I will say, If you are pressing the transfers yourself you can simply wipe the face of the transfer after peeling then with a damp cloth wipe the face of the transfer and press it the 2nd time. Problem gone.
It's one of those situations where there are multiple variables than can attribute to it. Too much ink can cause it as well, It creates a longer dwell time.
Overall you have a wet ink that needs to be heated to evaporate the oils in it, even hours later after printing it without curing. Once it's heated you have this layer of adhesive that seals in the oil if it doesn't evaporate entirely before the transfer starts cooling. You'll see pinholes if you are curing too hot. For me for example, my prints run through a roll printer/shaker. each print is in the curing portion about 5.5 minutes at 230-240 degrees with the extraction fan pulling air out, causing it to cycle more often.
This is more than enough for a proper cure, but If I cut that time in half or even 1/3 when running a faster print mode I will run into the same issue and will need a shaker with a longer tunnel dryer to counteract the speed it's running through so it stays under the cuing portion for the same amount of time.
The literal jist of it is, the ink hasn't fully cured. The oily substances are from the ink seeping through the print. Not water, Not humidity. Any experienced printer will say the same. Generally you are going to test your prints and get your ink layer right before worrying about the cure, so given the ink layer is the least it can be for CMYK and white and be correct and opaque when pressed, you then move on to curing and getting those times down right. Any change can cause adverse affects on the entire system. It's why faster machines usually run a pre-heater and a longer tunnel heater so they can fully cure the prints when they print 12" in of film in 2 minutes. so you are going to end up with a 2-3 foot long tunnel dryer to maintain that 4-5 minute dwell time.
Think of it like microwaving food.
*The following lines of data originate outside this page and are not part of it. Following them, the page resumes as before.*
(* For every $n\ge1$, $$\mathrm{QEC}(K_1+P_{2n})=-4\sin^2\frac{\pi}{2(2n+1)},\qquad -4\sin^2\frac{\pi}{2(2n+2)}<\mathrm{QEC}(K_1+P_{2n+1})<-4\sin^2\frac{\pi}{2(2n+3)}.$$ Moreover, $-\tfrac12=\mathrm{QEC}(K_1+P_3)<\mathrm{QEC}(K_1+P_4)<\mathrm{QEC}(K_1+P_5)<\cdots$ and $\mathrm{QEC}(K_1+P_n)\to0$ as $n\to\infty$.
   Context: For a finite connected graph $G=(V,E)$ with $|V|\ge2$, let $d(i,j)$ be the graph distance and $D=[d(i,j)]_{i,j\in V}$ the distance matrix. The quadratic embedding constant is $\mathrm{QEC}(G)=\max\{\langle f,Df\rangle : f\in\mathbb{R}^V,\ \langle f,f\rangle=1,\ \langle\mathbf 1,f\rangle=0\}$, where $\mathbf 1$ is the all-ones vector. The fan graph $K_1+P_n$ has vertex set $\{0,1,\dots,n\}$ and edges $\{i,i+1\}$ ($1\le i\le n-1$) and $\{0,i\}$ ($1\le i\le n$). *)

theory Defs
  imports "HOL-Analysis.Analysis"
begin

definition is_walk :: "'a set \<Rightarrow> ('a \<Rightarrow> 'a \<Rightarrow> bool) \<Rightarrow> 'a \<Rightarrow> 'a \<Rightarrow> nat \<Rightarrow> bool" where
  "is_walk V E i j k \<longleftrightarrow> (\<exists>p. length p = Suc k \<and> set p \<subseteq> V \<and> p ! 0 = i \<and> p ! k = j
      \<and> (\<forall>l<k. E (p ! l) (p ! Suc l)))"

definition graph_dist :: "'a set \<Rightarrow> ('a \<Rightarrow> 'a \<Rightarrow> bool) \<Rightarrow> 'a \<Rightarrow> 'a \<Rightarrow> nat" where
  "graph_dist V E i j = (LEAST k. is_walk V E i j k)"

text \<open>Quadratic embedding constant: max of <f, D f> over f with <f,f> = 1, <1,f> = 0
  (written as a supremum; the maximum is attained by compactness).\<close>
definition QEC :: "'a set \<Rightarrow> ('a \<Rightarrow> 'a \<Rightarrow> bool) \<Rightarrow> real" where
  "QEC V E = Sup {(\<Sum>i\<in>V. \<Sum>j\<in>V. f i * real (graph_dist V E i j) * f j) | f.
      (\<Sum>i\<in>V. (f i)\<^sup>2) = 1 \<and> (\<Sum>i\<in>V. f i) = 0}"

text \<open>Fan graph K_1 + P_n: vertices 0..n, edges {i,i+1} (1 \<le> i \<le> n-1) and {0,i} (1 \<le> i \<le> n).\<close>
definition fan_V :: "nat \<Rightarrow> nat set" where
  "fan_V n = {0..n}"

definition fan_E :: "nat \<Rightarrow> nat \<Rightarrow> nat \<Rightarrow> bool" where
  "fan_E n i j \<longleftrightarrow>
     (1 \<le> i \<and> i \<le> n - 1 \<and> j = i + 1) \<or> (1 \<le> j \<and> j \<le> n - 1 \<and> i = j + 1)
   \<or> (i = 0 \<and> 1 \<le> j \<and> j \<le> n) \<or> (j = 0 \<and> 1 \<le> i \<and> i \<le> n)"

definition QEC_fan :: "nat \<Rightarrow> real" where
  "QEC_fan n = QEC (fan_V n) (fan_E n)"

end

theory Submission
  imports Defs
begin

text \<open>Put \<open>h\<^sub>i = (-1)\<^sup>i\<^sup>+\<^sup>1 f\<^sub>i\<close> for \<open>i \<ge> 1\<close> and eliminate \<open>f\<^sub>0 = -\<Sum>f\<^sub>i\<close>. Since all distances in the fan
  are 0, 1 or 2, the distance form becomes \<open>-Q(h)\<close>, where \<open>Q\<close> is the quadratic form of \<open>2I - A(P\<^sub>n)\<close>,
  and the constraint becomes \<open>\<Sum>h\<^sub>i\<^sup>2 + (\<Sum>(-1)\<^sup>i\<^sup>+\<^sup>1 h\<^sub>i)\<^sup>2 = 1\<close>.
  With the positive eigenvector \<open>u\<^sub>i = sin (i\<pi>/(n+1))\<close> of the path and its eigenvalue
  \<open>\<mu> = 4 sin\<^sup>2 (\<pi>/(2(n+1)))\<close>, the Picone identity writes \<open>Q(h) - \<mu>\<Sum>h\<^sub>i\<^sup>2\<close> as a sum of squares \<open>S(h)\<close>
  of the differences of \<open>h\<^sub>i/u\<^sub>i\<close>. For even \<open>n\<close> the alternating partial sums of \<open>u\<close> end in 0, so
  summation by parts and Cauchy-Schwarz give \<open>\<mu>(\<Sum>(-1)\<^sup>i\<^sup>+\<^sup>1 h\<^sub>i)\<^sup>2 \<le> (n+1) tan\<^sup>2(\<pi>/(2(n+1))) S(h)\<close>;
  the constant is at most 1, hence \<open>Q \<ge> \<mu>\<close> on the constraint set, with equality at \<open>u\<close>.
  For odd \<open>n\<close>, padding \<open>h\<close> by a zero moves it to the even case \<open>n+1\<close>, where the constant is
  strictly below 1 and \<open>S\<close> controls \<open>\<Sum>h\<^sub>i\<^sup>2\<close> on vectors vanishing at \<open>n+1\<close>; this gives
  \<open>QEC < -\<mu>\<^sub>n\<^sub>+\<^sub>1\<close>, while \<open>u\<close> itself, whose alternating sum no longer vanishes, gives \<open>QEC > -\<mu>\<^sub>n\<close>.\<close>

lemma sum_by_parts:
  fixes c r :: "nat \<Rightarrow> real"
  shows "(\<Sum>i=1..N. c i * r i)
       = (\<Sum>j\<in>{1..<N}. (\<Sum>i=1..j. c i) * (r j - r (Suc j))) + (\<Sum>i=1..N. c i) * r N"
proof (induction N)
  case (Suc N)
  then show ?case
    by (cases "N = 0") (simp_all add: atLeastLessThanSuc algebra_simps)
qed simp
lemma sweep_value_greedy:
  assumes "b \<in> A"
  shows "measure_pmf.expectation (Pi_pmf (N v) undefined (fix_on {u. col u < col v} sweep_value p))
           (\<lambda>L. g v L b (SOME a. a \<in> A))
       \<le> measure_pmf.expectation (Pi_pmf (N v) undefined (fix_on {u. col u < col v} sweep_value p))
           (\<lambda>L. g v L (sweep_value v) (SOME a. a \<in> A))"
proof -
  let ?K = "run colour_sweep_alg N inp (col v) v"
  have "expected_gain ?K b'
      = measure_pmf.expectation (Pi_pmf (N v) undefined (fix_on {u. col u < col v} sweep_value p))
          (\<lambda>L. g v L b' (SOME a. a \<in> A))" for b'
    by (simp add: expected_gain_def nbr_dist_at_colour node_input_def)
  then show ?thesis
    using best_value_argmax[of ?K] finite_A A_nonempty assms by (simp add: sweep_value_def node_input_def)
qed

lemma output_colour_sweep:
  "alg_output colour_sweep_alg V N inp c = (\<lambda>v. if v \<in> V then sweep_value v else undefined)"
proof
  fix v
  show "alg_output colour_sweep_alg V N inp c v = (if v \<in> V then sweep_value v else undefined)"
  proof (cases "v \<in> V")
    case True
    then have "col v \<le> c" using colouring by (simp add: legal_coloring_def less_imp_le)
    then have "take (col v) (snd (run colour_sweep_alg N inp c v)) = snd (run colour_sweep_alg N inp (col v) v)"
      by (simp add: run_colour_sweep take_map)
    moreover have "alg_out colour_sweep_alg K = best_value (fst K, take (col v) (snd K))" if "fst K = inp v" for K
      using that by (simp add: colour_sweep_alg_def node_input_def)
    moreover have "(inp v, snd (run colour_sweep_alg N inp (col v) v)) = run colour_sweep_alg N inp (col v) v"
      by (simp add: prod_eq_iff)
    ultimately show ?thesis
      using True by (simp add: alg_output_def sweep_value_def)
  qed (simp add: alg_output_def)
qed

lemma congest_bounded_colour_sweep:
  assumes n: "card V \<ge> 2" and enc_len: "\<And>a. a \<in> A \<Longrightarrow> real (length (enc a)) \<le> C * log 2 (card V)"
  shows "congest_bounded (1 + \<bar>C\<bar>) R colour_sweep_alg V N inp"
  unfolding congest_bounded_def
proof (intro allI impI ballI)
  fix r v u
  have log_n: "1 \<le> log 2 (card V)" using n by simp
  have "real (length (alg_send colour_sweep_alg (run colour_sweep_alg N inp r v) u))
      \<le> 1 + real (length (enc (sweep_value v)))"
    by (simp add: alg_send_colour_sweep)
  also have "\<dots> \<le> 1 + \<bar>C\<bar> * log 2 (card V)"
  proof -
    have "C * log 2 (card V) \<le> \<bar>C\<bar> * log 2 (card V)"
      using log_n by (intro mult_right_mono) auto
    then show ?thesis using enc_len[OF sweep_value_in_A[of v]] by linarith
  qed
  also have "\<dots> \<le> (1 + \<bar>C\<bar>) * log 2 (card V)"
    using log_n by (simp add: algebra_simps)
  finally show "real (length (alg_send colour_sweep_alg (run colour_sweep_alg N inp r v) u))
      \<le> (1 + \<bar>C\<bar>) * log 2 (card V)" .
qed

end

theorem mainTheorem6:
  fixes C :: real
  shows "\<exists>(K::nat) (B::real) (alg :: 'a congest_alg).
     \<forall>(V::nat set) E (A::'a set) (enc :: 'a \<Rightarrow> bool list) (c::nat) col
       (f :: (nat \<Rightarrow> 'a) \<Rightarrow> real) g (p :: nat \<Rightarrow> 'a pmf) (\<beta>::real).
       simple_graph V E \<and> card V \<ge> 2 \<and>
       finite A \<and> inj_on enc A \<and>
       (\<forall>a\<in>A. real (length (enc a)) \<le> C * log 2 (real (card V))) \<and>
       legal_coloring V E c col \<and>
       local_utility_wrt V E A f g \<and>
       (\<forall>v\<in>V. set_pmf (p v) \<subseteq> A) \<and>
       measure_pmf.expectation (Pi_pmf V undefined p) f \<ge> \<beta>
       \<longrightarrow>
       (let inp = node_input V E A enc c col g p; N = nbrs V E in
          congest_bounded B (K * c) alg V N inp \<and>
          f (alg_output alg V N inp (K * c)) \<ge> \<beta>)"
  unfolding Let_def
proof (intro exI[of _ "1::nat"] exI[of _ "1 + \<bar>C\<bar>"] exI[of _ colour_sweep_alg] allI impI, elim conjE)
  fix V :: "nat set" and E :: "nat \<Rightarrow> nat \<Rightarrow> bool" and A :: "'a set"
    and enc :: "'a \<Rightarrow> bool list" and c :: nat and col :: "nat \<Rightarrow> nat" and f :: "(nat \<Rightarrow> 'a) \<Rightarrow> real"
    and g :: "nat \<Rightarrow> (nat \<Rightarrow> 'a) \<Rightarrow> 'a \<Rightarrow> 'a \<Rightarrow> real" and p :: "nat \<Rightarrow> 'a pmf" and \<beta> :: real
  assume G: "simple_graph V E" and n: "card V \<ge> 2" and A: "finite A" and enc: "inj_on enc A"
    and enc_len: "\<forall>a\<in>A. real (length (enc a)) \<le> C * log 2 (real (card V))"
    and colouring: "legal_coloring V E c col" and lu: "local_utility_wrt V E A f g"
    and p_in_A: "\<forall>v\<in>V. set_pmf (p v) \<subseteq> A"
    and \<beta>: "\<beta> \<le> measure_pmf.expectation (Pi_pmf V undefined p) f"
  obtain v where "v \<in> V" using n by fastforce
  then have "A \<noteq> {}" using p_in_A set_pmf_not_empty[of "p v"] by blast
  then interpret coloured_instance V E A enc c col g p
    using colouring A enc by unfold_locales
  have a0: "(SOME a. a \<in> A) \<in> A"
    using \<open>A \<noteq> {}\<close> by (simp add: some_in_eq)
  have "measure_pmf.expectation (Pi_pmf V undefined p) f
      \<le> f (\<lambda>v. if v \<in> V then sweep_value v else undefined)"
    using p_in_A sweep_value_in_A sweep_value_greedy
    by (intro expectation_le_colour_sweep[OF G colouring lu A a0]) blast+
  then show "congest_bounded (1 + \<bar>C\<bar>) (1 * c) colour_sweep_alg V N inp
      \<and> \<beta> \<le> f (alg_output colour_sweep_alg V N inp (1 * c))"
    using congest_bounded_colour_sweep[OF n] enc_len \<beta> by (simp add: output_colour_sweep)
qed

end
(* Let $\beta_1,\dots,\beta_T\in(0,1)$ be a variance schedule, $\alpha_t:=1-\beta_t$, $\bar\alpha_t:=\prod_{s=1}^t\alpha_s$, and $S(z_0,\varepsilon,t):=\sqrt{\bar\alpha_t}\,z_0+\sqrt{1-\bar\alpha_t}\,\varepsilon$. Let $\varepsilon_\theta(z_t,c_{\mathrm{text}},c_{\mathrm{img}})$ be a conditional noise-prediction network with generation function $G(z_t,c_{\mathrm{text}},c_{\mathrm{img}}):=[z_t-\sqrt{1-\bar\alpha_t}\,\varepsilon_\theta(z_t,c_{\mathrm{text}},c_{\mathrm{img}})]/\sqrt{\bar\alpha_t}$, and let $\varepsilon^*_\theta(z_t,c_{\mathrm{text}})$ be the noise-prediction network of a fixed pre-trained text-guided latent diffusion model. Let $P(z_0,c_{\mathrm{text}})$ be a likelihood function that image $z_0$ lies in the data distribution specified by text condition $c_{\mathrm{text}}$, and assume (domain smoothness) that for every text condition $P(\cdot,c_{\mathrm{text}})$ is $L$-Lipschitz for some $L<\infty$: $|P(z^1_0,c_{\mathrm{text}})-P(z^2_0,c_{\mathrm{text}})|\le L\|z^1_0-z^2_0\|_2$. Let $c_y$ be the target text condition, $x_0$ a source image, $\varepsilon_x\sim\mathcal N(0,\mathbf I)$, and $x_t=S(x_0,\varepsilon_x,t)$. Define $$\mathcal L_{\mathrm{LDM}}=-\mathbb E_{x_0,\varepsilon_x}\,P\big[G(S(x_0,\varepsilon_x,t),c_y,x_0),c_y\big].$$ Then $$\mathcal L_{\mathrm{LDM}}\le \mathcal L_{\mathrm{self}}:=\mathbb E_{x_0,\varepsilon_x}\Big[L\sqrt{\tfrac{1-\bar\alpha_t}{\bar\alpha_t}}\,\big\|\varepsilon_\theta(x_t,c_y,x_0)-\varepsilon^*_\theta(x_t,c_y)\big\|_2\Big]+\mathrm{const},$$ where $\mathrm{const}$ is a quantity not depending on the network $\varepsilon_\theta$ (it depends only on the pre-trained model and $P$).
   Context: Setting: latent diffusion models for unpaired image-to-image translation from a source domain $\mathcal X$ to a target domain $\mathcal Y$ specified by the text condition $c_y$; the time-step dependence of the networks is suppressed in notation. *)

theory Defs
  imports "HOL-Probability.Probability"
begin

definition alpha_bar :: "(nat \<Rightarrow> real) \<Rightarrow> nat \<Rightarrow> real" where
  "alpha_bar \<beta> t = (\<Prod>s = 1..t. 1 - \<beta> s)"

definition fwd :: "(nat \<Rightarrow> real) \<Rightarrow> 'a::real_vector \<Rightarrow> 'a \<Rightarrow> nat \<Rightarrow> 'a" where
  "fwd \<beta> z0 e t = sqrt (alpha_bar \<beta> t) *\<^sub>R z0 + sqrt (1 - alpha_bar \<beta> t) *\<^sub>R e"

definition gen :: "(nat \<Rightarrow> real) \<Rightarrow> nat \<Rightarrow> 'a::real_vector \<Rightarrow> 'a \<Rightarrow> 'a" where
  "gen \<beta> t zt epred = (1 / sqrt (alpha_bar \<beta> t)) *\<^sub>R (zt - sqrt (1 - alpha_bar \<beta> t) *\<^sub>R epred)"

definition std_gaussian :: "'a::euclidean_space measure" where
  "std_gaussian = density lborel
     (\<lambda>x. ennreal (exp (- (norm x)\<^sup>2 / 2) / (2 * pi) powr (real DIM('a) / 2)))"

end

theory Submission
  imports Defs
begin

text \<open>The clean estimate G is affine in the predicted noise with slope
  sqrt((1 - alpha_bar)/alpha_bar), so the Lipschitz bound on P turns the likelihood gap between
  the trained and the pre-trained network into L sqrt((1 - alpha_bar)/alpha_bar) times the
  distance of their noise predictions, pointwise. Integrating, the negated expected likelihood of
  the trained network is bounded by the expected distance plus the negated expected likelihood
  of the pre-trained network, which is the constant.\<close>

lemma alpha_bar_pos:
  assumes "\<And>s. s \<in> {1..t} \<Longrightarrow> \<beta> s < 1"
  shows "0 < alpha_bar \<beta> t"
  unfolding alpha_bar_def using assms by (intro prod_pos) simp

lemma alpha_bar_le_one:
  assumes "\<And>s. s \<in> {1..t} \<Longrightarrow> 0 \<le> \<beta> s \<and> \<beta> s \<le> 1"
  shows "alpha_bar \<beta> t \<le> 1"
  unfolding alpha_bar_def using assms by (intro prod_le_1) auto

lemma norm_gen_diff:
  assumes "0 \<le> alpha_bar \<beta> t" "alpha_bar \<beta> t \<le> 1"
  shows "norm (gen \<beta> t z w - gen \<beta> t z w')
    = sqrt ((1 - alpha_bar \<beta> t) / alpha_bar \<beta> t) * norm (w - w')"
proof -
  let ?a = "alpha_bar \<beta> t"
  have "gen \<beta> t z w - gen \<beta> t z w' = (sqrt (1 - ?a) / sqrt ?a) *\<^sub>R (w' - w)"
    by (simp add: gen_def algebra_simps scaleR_diff_right)
  then show ?thesis
    using assms by (simp add: real_sqrt_divide norm_minus_commute)
qed

lemma lipschitz_gen_noise:
  assumes lip: "\<And>z1 z2. \<bar>Q z1 - Q z2\<bar> \<le> L * norm (z1 - z2)"
    and "0 \<le> alpha_bar \<beta> t" "alpha_bar \<beta> t \<le> 1"
  shows "Q (gen \<beta> t z w') - Q (gen \<beta> t z w)
    \<le> L * sqrt ((1 - alpha_bar \<beta> t) / alpha_bar \<beta> t) * norm (w - w')"
  using lip[of "gen \<beta> t z w'" "gen \<beta> t z w"] norm_gen_diff[OF assms(2,3), of z w w']
  by (simp add: norm_minus_commute)

lemma integral_le_integral_add:
  fixes f g h :: "'a \<Rightarrow> real"
  assumes "integrable M f" "integrable M g" "integrable M h"
    and "\<And>x. f x \<le> g x + h x"
  shows "integral\<^sup>L M f \<le> integral\<^sup>L M g + integral\<^sup>L M h"
proof -
  have "integral\<^sup>L M f \<le> (\<integral>x. g x + h x \<partial>M)"
    using assms by (intro integral_mono) auto
  also have "\<dots> = integral\<^sup>L M g + integral\<^sup>L M h"
    using assms(2,3) by (rule Bochner_Integration.integral_add)
  finally show ?thesis .
qed

theorem proposition2:
  fixes \<beta> :: "nat \<Rightarrow> real" and T t :: nat and L :: real
    and P :: "'a::euclidean_space \<Rightarrow> 'c \<Rightarrow> real"
    and eps_star :: "'a \<Rightarrow> 'c \<Rightarrow> 'a"
    and c_y :: 'c and D :: "'a measure"
  assumes beta: "\<And>s. s \<in> {1..T} \<Longrightarrow> 0 < \<beta> s \<and> \<beta> s < 1"
    and t: "t \<in> {1..T}"
    and lip: "\<And>c z1 z2. \<bar>P z1 c - P z2 c\<bar> \<le> L * norm (z1 - z2)"
    and D: "prob_space D" "sets D = sets borel"
    and int_star: "integrable (D \<Otimes>\<^sub>M std_gaussian)
        (\<lambda>(x0, e). P (gen \<beta> t (fwd \<beta> x0 e t) (eps_star (fwd \<beta> x0 e t) c_y)) c_y)"
  shows "\<exists>const::real. \<forall>eps_theta :: 'a \<Rightarrow> 'c \<Rightarrow> 'a \<Rightarrow> 'a.
    integrable (D \<Otimes>\<^sub>M std_gaussian)
        (\<lambda>(x0, e). P (gen \<beta> t (fwd \<beta> x0 e t) (eps_theta (fwd \<beta> x0 e t) c_y x0)) c_y)
    \<longrightarrow> integrable (D \<Otimes>\<^sub>M std_gaussian)
        (\<lambda>(x0, e). L * sqrt ((1 - alpha_bar \<beta> t) / alpha_bar \<beta> t)
            * norm (eps_theta (fwd \<beta> x0 e t) c_y x0 - eps_star (fwd \<beta> x0 e t) c_y))
    \<longrightarrow> - (\<integral>(x0, e). P (gen \<beta> t (fwd \<beta> x0 e t) (eps_theta (fwd \<beta> x0 e t) c_y x0)) c_y
              \<partial>(D \<Otimes>\<^sub>M std_gaussian))
        \<le> (\<integral>(x0, e). L * sqrt ((1 - alpha_bar \<beta> t) / alpha_bar \<beta> t)
              * norm (eps_theta (fwd \<beta> x0 e t) c_y x0 - eps_star (fwd \<beta> x0 e t) c_y)
              \<partial>(D \<Otimes>\<^sub>M std_gaussian)) + const"
proof -
  let ?M = "D \<Otimes>\<^sub>M std_gaussian"
  let ?star = "\<lambda>(x0, e). P (gen \<beta> t (fwd \<beta> x0 e t) (eps_star (fwd \<beta> x0 e t) c_y)) c_y"
  have beta_t: "s \<in> {1..t} \<Longrightarrow> 0 < \<beta> s \<and> \<beta> s < 1" for s
    using beta t by auto
  have a0: "0 \<le> alpha_bar \<beta> t"
    using alpha_bar_pos[of t \<beta>] beta_t by fastforce
  have a1: "alpha_bar \<beta> t \<le> 1"
    using alpha_bar_le_one[of t \<beta>] beta_t by fastforce
  show ?thesis
  proof (intro exI[of _ "- integral\<^sup>L ?M ?star"] allI impI)
    fix eps_theta :: "'a \<Rightarrow> 'c \<Rightarrow> 'a \<Rightarrow> 'a"
    let ?theta = "\<lambda>(x0, e). P (gen \<beta> t (fwd \<beta> x0 e t) (eps_theta (fwd \<beta> x0 e t) c_y x0)) c_y"
    let ?dist = "\<lambda>(x0, e). L * sqrt ((1 - alpha_bar \<beta> t) / alpha_bar \<beta> t)
            * norm (eps_theta (fwd \<beta> x0 e t) c_y x0 - eps_star (fwd \<beta> x0 e t) c_y)"
    assume "integrable ?M ?theta" "integrable ?M ?dist"
    moreover have "- ?theta (x0, e) \<le> ?dist (x0, e) + - ?star (x0, e)" for x0 e
      using lipschitz_gen_noise[where Q = "\<lambda>z. P z c_y", OF lip a0 a1,
          of "fwd \<beta> x0 e t" "eps_star (fwd \<beta> x0 e t) c_y" "eps_theta (fwd \<beta> x0 e t) c_y x0"]
      by simp
    ultimately have "integral\<^sup>L ?M (\<lambda>p. - ?theta p)
        \<le> integral\<^sup>L ?M ?dist + integral\<^sup>L ?M (\<lambda>p. - ?star p)"
      using int_star by (intro integral_le_integral_add) (auto simp: split_paired_all)
    then show "- integral\<^sup>L ?M ?theta \<le> integral\<^sup>L ?M ?dist + - integral\<^sup>L ?M ?star"
      by simp
  qed
qed

end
It gets hot on the edges, sometimes even burns. The center is still cold. You have to let it sit on the counter for the heat to " seep" in and finish cooking it properly in the center. The same way people get " well done" steaks without overcooking them. The difference in this scenario once the film cools, that's it. It takes seconds. So you must have it dwell in a lower temperature setting for longer to heat the ink causing the glycol to evaporate instead of stay behind so it gets an even thorough cure instead of a quick edge cure.
Using an extraction fan would change this variable dramatically, because the heat coming off the bulbs are over 500F and the " ambient" temp is what the machine reads. So using a fan causes it to cycle more often, allowing more direct heat to cure the prints. Without the fan, the basic " ambient" temperature may remain within the set temperature, but the print not cure correctly due to the lack of direct heat. So it should cycle the bulbs on more often, for less time to counteract these effects, while also removing the toxic fumes. It's a win-win.
But, for sure you need your ink layer correct first. Start with CMYK, use the least you can without the colors being affected, then make an opaque white without it looking like a " bubble" on the film. make an ICC profile at those settings to get proper colors. You'll now have a good ink layer, not too little and not too much with good color accuracy.
Move on to curing then, because if not you'll have to figure out how to cure again once you change your ink settings again. It's not every time, but most of the time the change would allow it to cure faster or slower, it also affects how much powder sticks to the prints.
It's definitely a process, making it print and look okay is easy, getting everything to work together for the best possible outcome consistently over a period of time- is not and takes some patience and testing. Vibrancy, durability, hand feel, things like oily prints, prints peeling off the transfer, etc are all because the system isn't set up to work together yet. So me personally, I always start at step one, and move forward until It's all set to each other to provide a soft, vibrant, durable transfer that is the same month after month with minimal adjustments. Changing your film, inks, or powder will require you to adjust these settings again to some degree, sometimes even batch to batch if you use an inconsistent supplier.
But the most basic answer is, It's under cured.